Bessie the cow wants to move from the upper-left corner of field to the bottom-right corner of field. Each time it goes from one grid to the other, *$T$ unit* of time will be consumed. Each time Bessie pass through 3 grids, she will stop at the grid and begin eating. The time of eating in each grid is different and will be provided in the input.

$3 \leq N \leq 100, 0\leq T\leq 1\times 10^6$

### Proposed Solution

The first thought on this problem is to solve by using **Unified Cost Search (UCS)**. By maintain a fringe of Priority Queue that is sorted according to the time consumes to arrive at a specific position, it is promised that the first state we have met that arrived at the destination will be the state that consumes LEAST time to arrive at the destination.

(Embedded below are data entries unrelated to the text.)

lemma Wu_funpow:
  "((Wu \<eta> \<alpha> \<kappa>) ^^ N) x n = (\<Prod>i<N. kseq \<eta> \<alpha> \<kappa> (n + i)) * x (n + N)"
proof (induction N arbitrary: n)
  case 0 then show ?case by simp
next
  case (Suc N)
  have "((Wu \<eta> \<alpha> \<kappa>) ^^ Suc N) x n = kseq \<eta> \<alpha> \<kappa> n * ((Wu \<eta> \<alpha> \<kappa>) ^^ N) x (Suc n)"
    by (simp add: Wu_def)
  also have "\<dots> = kseq \<eta> \<alpha> \<kappa> n * (\<Prod>i<N. kseq \<eta> \<alpha> \<kappa> (Suc n + i)) * x (Suc n + N)"
    by (simp add: Suc.IH)
  also have "\<dots> = (\<Prod>i<Suc N. kseq \<eta> \<alpha> \<kappa> (n + i)) * x (n + Suc N)"
    by (simp add: prod.lessThan_Suc_shift del: prod.lessThan_Suc)
  finally show ?case .
qed

lemma Wd_funpow_basis_vec: "(Wd ^^ k) (basis_vec 0) = (basis_vec k :: nat \<Rightarrow> 'a::field)"
proof (induction k)
  case 0 then show ?case by simp
next
  case (Suc k)
  have "(Wd ^^ Suc k) (basis_vec 0) = Wd (basis_vec k :: nat \<Rightarrow> 'a)" by (simp add: Suc.IH)
  also have "\<dots> = basis_vec (Suc k)" by (rule ext) (auto simp: Wd_def basis_vec_def)
  finally show ?case .
qed

lemma Wsp_subset_if_basis_vecs:
  assumes sub: "subspace_of S" and basis: "\<And>k. basis_vec k \<in> S"
  shows "Wsp \<subseteq> S"
proof
  have restrict_in: "(\<lambda>n. if n \<in> F then f n else 0) \<in> S" if "finite F" for F and f :: "nat \<Rightarrow> 'a"
    using that
  proof (induction F rule: finite_induct)
    case empty then show ?case using sub by (simp add: subspace_of_def)
  next
    case (insert k F)
    have "(\<lambda>n. f k * basis_vec k n) \<in> S" using sub basis by (simp add: subspace_of_def)
    then have "(\<lambda>n. (if n \<in> F then f n else 0) + f k * basis_vec k n) \<in> S"
      using sub insert.IH by (simp add: subspace_of_def)
    moreover have "(\<lambda>n. (if n \<in> F then f n else 0) + f k * basis_vec k n)
                   = (\<lambda>n. if n \<in> insert k F then f n else 0)"
      using insert.hyps by (auto simp: basis_vec_def)
    ultimately show ?case by simp
  qed
  fix f :: "nat \<Rightarrow> 'a" assume "f \<in> Wsp"
  then have "(\<lambda>n. if n \<in> {n. f n \<noteq> 0} then f n else 0) \<in> S"
    by (intro restrict_in) (simp add: Wsp_def)
  moreover have "(\<lambda>n. if n \<in> {n. f n \<noteq> 0} then f n else 0) = f" by (rule ext) simp
  ultimately show "f \<in> S" by simp
qed

text \<open>If no \<open>\<kappa>\<^sub>n\<close> vanishes, every nonzero \<open>u\<close>-stable subspace contains \<open>a\<^sub>0\<close>: apply \<open>u\<^sup>N\<close>
  where \<open>N\<close> is the top of the support, then rescale.\<close>
lemma basis_vec_0_in_submodule:
  assumes nz: "\<forall>n. kseq \<eta> \<alpha> \<kappa> n \<noteq> 0"
    and sub: "subspace_of S" and u_closed: "\<forall>x\<in>S. Wu \<eta> \<alpha> \<kappa> x \<in> S"
    and "x \<in> S" "x \<in> Wsp" "x \<noteq> (\<lambda>n. 0)"
  shows "basis_vec 0 \<in> S"
proof -
  have fin: "finite {n. x n \<noteq> 0}" and ne: "{n. x n \<noteq> 0} \<noteq> {}"
    using \<open>x \<in> Wsp\<close> \<open>x \<noteq> (\<lambda>n. 0)\<close> by (auto simp: Wsp_def)
  define N where "N = Max {n. x n \<noteq> 0}"
  have xN: "x N \<noteq> 0" using Max_in[OF fin ne] by (simp add: N_def)
  have above: "x m = 0" if "m > N" for m
    using Max_ge[OF fin, of m] that by (fastforce simp: N_def)
  define c where "c = (\<Prod>i<N. kseq \<eta> \<alpha> \<kappa> i) * x N"
  have "c \<noteq> 0" using nz xN by (simp add: c_def)
  have "((Wu \<eta> \<alpha> \<kappa>) ^^ N) x = (\<lambda>n. c * basis_vec 0 n)"
  proof
    fix n show "((Wu \<eta> \<alpha> \<kappa>) ^^ N) x n = c * basis_vec 0 n"
      by (cases n) (auto simp: Wu_funpow c_def above basis_vec_def)
  qed
  moreover have "((Wu \<eta> \<alpha> \<kappa>) ^^ N) x \<in> S" by (rule closed_funpow[OF u_closed \<open>x \<in> S\<close>])
  ultimately have "(\<lambda>n. inverse c * (c * basis_vec 0 n)) \<in> S"
    using sub by (simp add: subspace_of_def)
  moreover have "(\<lambda>n. inverse c * (c * basis_vec 0 n)) = basis_vec 0"
    using \<open>c \<noteq> 0\<close> by (simp add: fun_eq_iff)
  ultimately show ?thesis by simp
qed

lemma simple_module_W:
  assumes nz: "\<forall>n. kseq \<eta> \<alpha> \<kappa> n \<noteq> 0"
  shows "simple_module Wsp Wd (Wu \<eta> \<alpha> \<kappa>)"
  unfolding simple_module_def
proof (intro conjI allI impI)
  show "Wsp \<noteq> {\<lambda>n. 0}" using basis_vec_in_Wsp basis_vec_nonzero by blast
  fix S assume "S \<subseteq> Wsp \<and> subspace_of S \<and> (\<forall>x\<in>S. Wd x \<in> S \<and> Wu \<eta> \<alpha> \<kappa> x \<in> S)"
  then have SW: "S \<subseteq> Wsp" and sub: "subspace_of S"
    and d_closed: "\<forall>x\<in>S. Wd x \<in> S" and u_closed: "\<forall>x\<in>S. Wu \<eta> \<alpha> \<kappa> x \<in> S"
    by auto
  show "S = {\<lambda>n. 0} \<or> S = Wsp"
  proof (cases "S \<subseteq> {\<lambda>n. 0}")
    case True
    then show ?thesis using sub by (auto simp: subspace_of_def)
  next
    case False
    then obtain x where "x \<in> S" "x \<noteq> (\<lambda>n. 0)" by blast
    then have "basis_vec 0 \<in> S"
      using basis_vec_0_in_submodule[OF nz sub u_closed] SW by blast
    then have "basis_vec k \<in> S" for k
      using closed_funpow[OF d_closed, of "basis_vec 0" k] by (simp add: Wd_funpow_basis_vec)
    then show ?thesis using Wsp_subset_if_basis_vecs[OF sub] SW by blast
  qed
qed

section \<open>Non-isomorphism\<close>

lemma Wu_kernel:
  assumes nz: "\<forall>n. kseq \<eta> \<alpha> \<kappa> n \<noteq> 0" and "Wu \<eta> \<alpha> \<kappa> g = (\<lambda>n. 0)"
  shows "g (Suc n) = 0"
  using fun_cong[OF assms(2), of n] nz by (simp add: Wu_def)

Therefore, we can represent a State $S$ in this form

```
State newState = new State(Time, num, x, y);
```

And accordingly, the state transition function will be somehow like this

```
public ArrayList<State> StateTransition(State currState){
int currTime = currState.getTime();
int num = currState.getNum() + 1;
int currX = currState.getX();
int currY = currState.gety();
ArrayList<State> nextStates = new ArrayList<>();
Move[] validMove = this.getValidMove(x, y);
for (Move move : validMove){
int nextTime = currTime;
int[] change = move.getChange();
nextX = currX + change[0];
nextY = currY + change[1];
if (num % 3 == 0){ nextTime += this.Time[nextX][nextY] }
nextStates.add(new State(nextTime, num, nextX, nextY));
}
}
```

### Time Complexity Analysis

Since the time that UCS iterate is not bounded explicitly and there does not has an explicit relationship between data scale and number of iteration, it is hard to calculate accurate time complexity. Below, we will try to estimate an upper bound.

First, there are $N^2$ vertexes in the graph, suppose each node is explored for $N$ time (which is an over-estimation), the time complexity of travel through the graph using UCS is $O(N^3)$. Since each state is push and pop from a priority queue that is maintained using binary heap, the time complexity of push & pop one state is $O(\log n)$. The overall time complexity should be less than $O(N^3 \log(n))$.

Since $3\leq N\leq 100$, the time complexity of $O(N^3 \log{n})$ is acceptable.